To combat potential overtreatment of clinically insignificant cancer, active surveillance has emerged as an alternative management strategy [66]. Patients who are suspected of having insignificant PCa based on physical examination, PSA levels, and TRUS-Bx results (comprising Gleason score, the number of positive cores, and the percentage of core infiltrated by tumour) are actively monitored. Should the suspicion arise that the disease is progressing or ‘active’ (as opposed to insignificant disease) based on PSA (rise or kinetics), rectal examination, and repeat biopsies, the patient would undergo curative whole gland treatment. This scheme offers curative treatment to patients we believe warrant it while avoiding inflicting unwarranted side effects on patients who do not need treatment (due to an insignificant disease) [66].

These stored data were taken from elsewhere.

coinductive smooth2 :: "(real \<Rightarrow> real \<Rightarrow> real) \<Rightarrow> bool" where
  "\<lbrakk>\<forall>x y. ((\<lambda>p. g (fst p) (snd p)) has_derivative
            (\<lambda>h. px g x y * fst h + py g x y * snd h)) (at (x, y));
    smooth2 (px g); smooth2 (py g)\<rbrakk> \<Longrightarrow> smooth2 g"

coinductive smooth1_on :: "real set \<Rightarrow> (real \<Rightarrow> real) \<Rightarrow> bool" where
  "\<lbrakk>\<forall>t\<in>S. (g has_real_derivative deriv g t) (at t);
    smooth1_on S (deriv g)\<rbrakk> \<Longrightarrow> smooth1_on S g"

definition jac :: "(real \<Rightarrow> real \<Rightarrow> real) \<Rightarrow> (real \<Rightarrow> real \<Rightarrow> real) \<Rightarrow> real \<Rightarrow> real \<Rightarrow> real" where
  "jac f1 f2 x y = px f1 x y * py f2 x y - py f1 x y * px f2 x y"

text \<open>F = Df . (-dJ/dy, dJ/dx)^T, componentwise.\<close>

definition bigF1 :: "(real \<Rightarrow> real \<Rightarrow> real) \<Rightarrow> (real \<Rightarrow> real \<Rightarrow> real) \<Rightarrow> real \<Rightarrow> real \<Rightarrow> real" where
  "bigF1 f1 f2 x y = px f1 x y * (- py (jac f1 f2) x y) + py f1 x y * px (jac f1 f2) x y"

definition bigF2 :: "(real \<Rightarrow> real \<Rightarrow> real) \<Rightarrow> (real \<Rightarrow> real \<Rightarrow> real) \<Rightarrow> real \<Rightarrow> real \<Rightarrow> real" where
  "bigF2 f1 f2 x y = px f2 x y * (- py (jac f1 f2) x y) + py f2 x y * px (jac f1 f2) x y"

definition detDF :: "(real \<Rightarrow> real \<Rightarrow> real) \<Rightarrow> (real \<Rightarrow> real \<Rightarrow> real) \<Rightarrow> real \<Rightarrow> real \<Rightarrow> real" where
  "detDF f1 f2 x y = px (bigF1 f1 f2) x y * py (bigF2 f1 f2) x y
                   - py (bigF1 f1 f2) x y * px (bigF2 f1 f2) x y"

definition one_generic :: "(real \<Rightarrow> real \<Rightarrow> real) \<Rightarrow> (real \<Rightarrow> real \<Rightarrow> real) \<Rightarrow> bool" where
  "one_generic f1 f2 \<longleftrightarrow>
     (\<forall>x y. jac f1 f2 x y = 0 \<longrightarrow> (px (jac f1 f2) x y, py (jac f1 f2) x y) \<noteq> (0, 0))"

text \<open>Cusp point (a, b): (a,b) lies on S_1(f) = J^{-1}(0); near (a,b) the curve S_1(f) is
parametrised by a smooth regular curve gamma = (g1, g2) with gamma(0) = (a, b); the tangent
T_p S_1(f) (spanned by gamma'(0)) lies in ker Df(p); and for a smooth nonvanishing field
xi = (k1, k2) along S_1(f) with xi in ker Df, the function dJ(xi) restricted to S_1(f)
(i.e. along gamma) has a simple zero at (a, b).\<close>

definition cusp_point :: "(real \<Rightarrow> real \<Rightarrow> real) \<Rightarrow> (real \<Rightarrow> real \<Rightarrow> real) \<Rightarrow> real \<Rightarrow> real \<Rightarrow> bool" where
  "cusp_point f1 f2 a b \<longleftrightarrow>
     jac f1 f2 a b = 0 \<and>
     (\<exists>e>0. \<exists>g1 g2 k1 k2 :: real \<Rightarrow> real.
        smooth1_on (ball 0 e) g1 \<and> smooth1_on (ball 0 e) g2 \<and>
        smooth1_on (ball 0 e) k1 \<and> smooth1_on (ball 0 e) k2 \<and>
        g1 0 = a \<and> g2 0 = b \<and> (deriv g1 0, deriv g2 0) \<noteq> (0, 0) \<and>
        (\<forall>t\<in>ball 0 e. jac f1 f2 (g1 t) (g2 t) = 0) \<and>
        px f1 a b * deriv g1 0 + py f1 a b * deriv g2 0 = 0 \<and>
        px f2 a b * deriv g1 0 + py f2 a b * deriv g2 0 = 0 \<and>
        (\<forall>t\<in>ball 0 e. (k1 t, k2 t) \<noteq> (0, 0) \<and>
           px f1 (g1 t) (g2 t) * k1 t + py f1 (g1 t) (g2 t) * k2 t = 0 \<and>
           px f2 (g1 t) (g2 t) * k1 t + py f2 (g1 t) (g2 t) * k2 t = 0) \<and>
        (let h = (\<lambda>t. px (jac f1 f2) (g1 t) (g2 t) * k1 t + py (jac f1 f2) (g1 t) (g2 t) * k2 t)
         in h 0 = 0 \<and> deriv h 0 \<noteq> 0))"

van As et al. [67] analysed the apparent diffusion coefficient (ADC) generated from DW-MRI with respect to repeat biopsy findings and time to radical treatment in 86 patients in a prospective study of active surveillance. They demonstrated that a low ADC is associated with adverse histology on repeat biopsy and shorter time to deferred radical treatment. Tumor ADC was highly and significantly correlated with maximum core involvement, percentage of positive cores, and the ratio of free/total PSA. Tumor ADC was also significantly correlated with initial PSA level, but not with PSA velocity.

In a recent retrospective study, Fradet et al. [68] demonstrated that patients with lesion findings suggestive of PCa on MRI were at a higher risk for Gleason score upgrading on a subsequent prostate biopsy.

Implications for clinical practice

MRI is fast becoming a multipurpose imaging modality and might soon change the way we think and treat PCa. It is quite plausible that, in the near future, patients who are suspected of harbouring PCa due to elevated serum markers (PSA, PCA3 [prostate cancer antigen 3], or others) will undergo an MRI scan and, according to the results, will either be told all is well or go on an active surveillance protocol, undergo an MRI-guided focal ablation, or go through radical treatment. It stands to reason that the follow-up regimen will consist of biomarker detection and MRI scans; however, currently, the role of MRI is still limited and not well defined by clinical guidelines.

The authors use this imaging tool mostly in patients who have had a previous negative biopsy and are suspected of harbouring PCa, and in prospective studies of patients who are candidates for an active surveillance protocol.